[Opening TASK INPUT section]

(* Let $X$ and $Y$ be $\mathbb{R}^n$-valued random variables on the same probability space. Suppose $Y$ is centered Gaussian and there are $c_X,C_X>0$ and $m_X\in\mathbb{R}^n$ such that $X$ has a Lebesgue density $p_X$ with $p_X(x)\le C_Xe^{-c_X|x-m_X|^2}$ for all $x\in\mathbb{R}^n$. Then there is $C>0$ such that for each $a\in\mathbb{R}^n$, $$\mathbb{E}\big[e^{-|X-Y-a|^2}\big]\le Ce^{-\frac{c_X}{C}|a-m_X|^2}.$$ *)

theory Defs
  imports "HOL-Probability.Probability"
begin

text \<open>A centered Gaussian random vector (possibly degenerate): every linear
functional of it is either a centered normal random variable with positive
variance or almost surely zero (centered Gaussian with variance 0).\<close>
definition centered_gaussian_vec :: "'s measure \<Rightarrow> ('s \<Rightarrow> 'a::euclidean_space) \<Rightarrow> bool" where
  "centered_gaussian_vec M Y \<longleftrightarrow>
     Y \<in> borel_measurable M \<and>
     (\<forall>u::'a. (\<exists>\<sigma>>0. distributed M lborel (\<lambda>\<omega>. u \<bullet> Y \<omega>)
                               (\<lambda>x. ennreal (normal_density 0 \<sigma> x)))
             \<or> (AE \<omega> in M. u \<bullet> Y \<omega> = 0))"

end

theory Submission
  imports Defs
begin

(* Put rho = |a - m|^2 / 9.  If |x - y - a|^2 < rho, the triangle inequality forces
   |y|^2 >= rho or |x - m|^2 >= rho, so for all s, t >= 0
     exp (-|x - y - a|^2) <= exp (t (|y|^2 - rho)) + exp (s (|x - m|^2 - rho)) + exp (-rho).
   Taking expectations (exponential Chebyshev), E exp (-|X - Y - a|^2) decays like
   exp (-min s t 1 * rho) as soon as E exp (s |X - m|^2) and E exp (t |Y|^2) are finite.
   The density bound gives the first for s = c_X / 2.  For the second, each coordinate of Y
   is normal or almost surely zero, hence has a finite exponential square moment, and Jensen's
   inequality bounds exp (t |y|^2) by the mean of the exp (n t y_b^2) over the n coordinates. *)

lemma norm_power2_eq_sum_inner_Basis:
  "(norm (x::'a::euclidean_space))\<^sup>2 = (\<Sum>b\<in>Basis. (x \<bullet> b)\<^sup>2)"
  unfolding power2_norm_eq_inner by (subst euclidean_inner) (simp add: power2_eq_square)

lemma nn_integral_normal_density:
  "\<sigma> > 0 \<Longrightarrow> (\<integral>\<^sup>+x. ennreal (normal_density \<mu> \<sigma> x) \<partial>lborel) = 1"
  by (subst nn_integral_eq_integral) auto

lemma nn_integral_exp_neg_square:
  assumes "k > 0"
  shows "(\<integral>\<^sup>+t. ennreal (exp (- k * t\<^sup>2)) \<partial>lborel) = ennreal (sqrt (pi / k))"
proof -
  have "exp (- k * t\<^sup>2) = sqrt (pi / k) * normal_density 0 (sqrt (1 / (2 * k))) t" for t
    using assms by (simp add: normal_density_def real_sqrt_divide field_simps)
  then have "(\<integral>\<^sup>+t. ennreal (exp (- k * t\<^sup>2)) \<partial>lborel)
      = (\<integral>\<^sup>+t. ennreal (sqrt (pi / k)) * ennreal (normal_density 0 (sqrt (1 / (2 * k))) t) \<partial>lborel)"
    using assms by (simp add: ennreal_mult)
  also have "\<dots> = ennreal (sqrt (pi / k))"
    using assms by (simp add: nn_integral_cmult nn_integral_normal_density)
  finally show ?thesis .
qed

lemma nn_integral_exp_neg_norm_square_finite:
  assumes "k > 0"
  shows "(\<integral>\<^sup>+(x::'a::euclidean_space). ennreal (exp (- k * (norm x)\<^sup>2)) \<partial>lborel) < \<top>"
proof -
  have "ennreal (exp (- k * (norm x)\<^sup>2)) = (\<Prod>b\<in>Basis. ennreal (exp (- k * (x \<bullet> b)\<^sup>2)))"
    for x :: 'a
    by (simp add: norm_power2_eq_sum_inner_Basis sum_distrib_left exp_sum prod_ennreal)
  then have "(\<integral>\<^sup>+(x::'a). ennreal (exp (- k * (norm x)\<^sup>2)) \<partial>lborel)
      = (\<Prod>b\<in>(Basis::'a set). \<integral>\<^sup>+t. ennreal (exp (- k * t\<^sup>2)) \<partial>lborel)"
    by (simp only:) (rule nn_integral_lborel_prod; simp)
  also have "\<dots> < \<top>"
    using nn_integral_exp_neg_square[OF assms] by (simp add: power_less_top_ennreal)
  finally show ?thesis .
qed

lemma nn_integral_lborel_translate:
  fixes m :: "'a::euclidean_space"
  assumes [measurable]: "f \<in> borel_measurable borel"
  shows "(\<integral>\<^sup>+x. f (x - m) \<partial>lborel) = (\<integral>\<^sup>+x. f x \<partial>lborel)"
proof -
  have "(\<integral>\<^sup>+x. f (x - m) \<partial>lborel) = (\<integral>\<^sup>+x. f (x - m) \<partial>distr lborel borel ((+) m))"
    by (simp add: lborel_distr_plus)
  also have "\<dots> = (\<integral>\<^sup>+x. f x \<partial>lborel)"
    by (subst nn_integral_distr) auto
  finally show ?thesis .
qed

lemma exp_square_moment_of_gaussian_bounded_density:
  fixes X :: "'s \<Rightarrow> 'a::euclidean_space"
  assumes X: "distributed M lborel X (\<lambda>x. ennreal (p x))"
    and "c > 0"
    and p: "\<And>x. p x \<le> K * exp (- c * (norm (x - m))\<^sup>2)"
  shows "(\<integral>\<^sup>+\<omega>. ennreal (exp (c / 2 * (norm (X \<omega> - m))\<^sup>2)) \<partial>M) < \<top>"
proof -
  have "(\<integral>\<^sup>+\<omega>. ennreal (exp (c / 2 * (norm (X \<omega> - m))\<^sup>2)) \<partial>M)
      = (\<integral>\<^sup>+x. ennreal (p x) * ennreal (exp (c / 2 * (norm (x - m))\<^sup>2)) \<partial>lborel)"
    by (rule distributed_nn_integral[OF X, symmetric]) simp
  also have "\<dots> \<le> (\<integral>\<^sup>+x. ennreal K * ennreal (exp (- c / 2 * (norm (x - m))\<^sup>2)) \<partial>lborel)"
  proof (intro nn_integral_mono)
    fix x
    have "p x * exp (c / 2 * (norm (x - m))\<^sup>2) \<le> K * exp (- c / 2 * (norm (x - m))\<^sup>2)"
      using mult_right_mono[OF p[of x], of "exp (c / 2 * (norm (x - m))\<^sup>2)"]
      by (simp add: mult.assoc flip: exp_add)
    then show "ennreal (p x) * ennreal (exp (c / 2 * (norm (x - m))\<^sup>2))
        \<le> ennreal K * ennreal (exp (- c / 2 * (norm (x - m))\<^sup>2))"
      by (metis ennreal_leI ennreal_mult'' exp_ge_zero)
  qed
  also have "\<dots> = ennreal K * (\<integral>\<^sup>+(x::'a). ennreal (exp (- c / 2 * (norm x)\<^sup>2)) \<partial>lborel)"
    using nn_integral_lborel_translate[of "\<lambda>x. ennreal (exp (- c / 2 * (norm x)\<^sup>2))" m]
    by (simp add: nn_integral_cmult)
  also have "\<dots> < \<top>"
    using nn_integral_exp_neg_norm_square_finite[of "c / 2", where 'a='a] \<open>c > 0\<close>
    by (simp add: ennreal_mult_less_top)
  finally show ?thesis .
qed

lemma normal_exp_square_moment_finite:
  assumes "\<sigma> > 0" and Z: "distributed M lborel Z (\<lambda>x. ennreal (normal_density 0 \<sigma> x))"
  shows "(\<integral>\<^sup>+\<omega>. ennreal (exp ((Z \<omega>)\<^sup>2 / (4 * \<sigma>\<^sup>2))) \<partial>M) < \<top>"
proof -
  have density_times_exp: "normal_density 0 \<sigma> x * exp (x\<^sup>2 / (4 * \<sigma>\<^sup>2))
      = 1 / sqrt (2 * pi * \<sigma>\<^sup>2) * exp (- (1 / (4 * \<sigma>\<^sup>2)) * (norm x)\<^sup>2)" for x :: real
  proof -
    have "- x\<^sup>2 / (2 * \<sigma>\<^sup>2) + x\<^sup>2 / (4 * \<sigma>\<^sup>2) = - (1 / (4 * \<sigma>\<^sup>2)) * (norm x)\<^sup>2"
      using assms by (simp add: field_simps)
    then show ?thesis
      unfolding normal_density_def by (simp add: mult.assoc flip: exp_add)
  qed
  have "(\<integral>\<^sup>+\<omega>. ennreal (exp ((Z \<omega>)\<^sup>2 / (4 * \<sigma>\<^sup>2))) \<partial>M)
      = (\<integral>\<^sup>+x. ennreal (normal_density 0 \<sigma> x) * ennreal (exp (x\<^sup>2 / (4 * \<sigma>\<^sup>2))) \<partial>lborel)"
    by (rule distributed_nn_integral[OF Z, symmetric]) simp
  also have "\<dots> = (\<integral>\<^sup>+(x::real). ennreal (1 / sqrt (2 * pi * \<sigma>\<^sup>2))
      * ennreal (exp (- (1 / (4 * \<sigma>\<^sup>2)) * (norm x)\<^sup>2)) \<partial>lborel)"
    by (intro nn_integral_cong) (metis density_times_exp ennreal_mult'' exp_ge_zero)
  also have "\<dots> = ennreal (1 / sqrt (2 * pi * \<sigma>\<^sup>2))
      * (\<integral>\<^sup>+(x::real). ennreal (exp (- (1 / (4 * \<sigma>\<^sup>2)) * (norm x)\<^sup>2)) \<partial>lborel)"
    by (rule nn_integral_cmult) simp
  also have "\<dots> < \<top>"
    using nn_integral_exp_neg_norm_square_finite[of "1 / (4 * \<sigma>\<^sup>2)", where 'a=real] assms
    by (simp add: ennreal_mult_less_top)
  finally show ?thesis .
qed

[Closing TASK INPUT section]

YOUR GOAL — Of the records above, copy each line that includes "unfolding".

OUTPUT —
  unfolding power2_norm_eq_inner by (subst euclidean_inner) (simp add: power2_eq_square)
      unfolding normal_density_def by (simp add: mult.assoc flip: exp_add)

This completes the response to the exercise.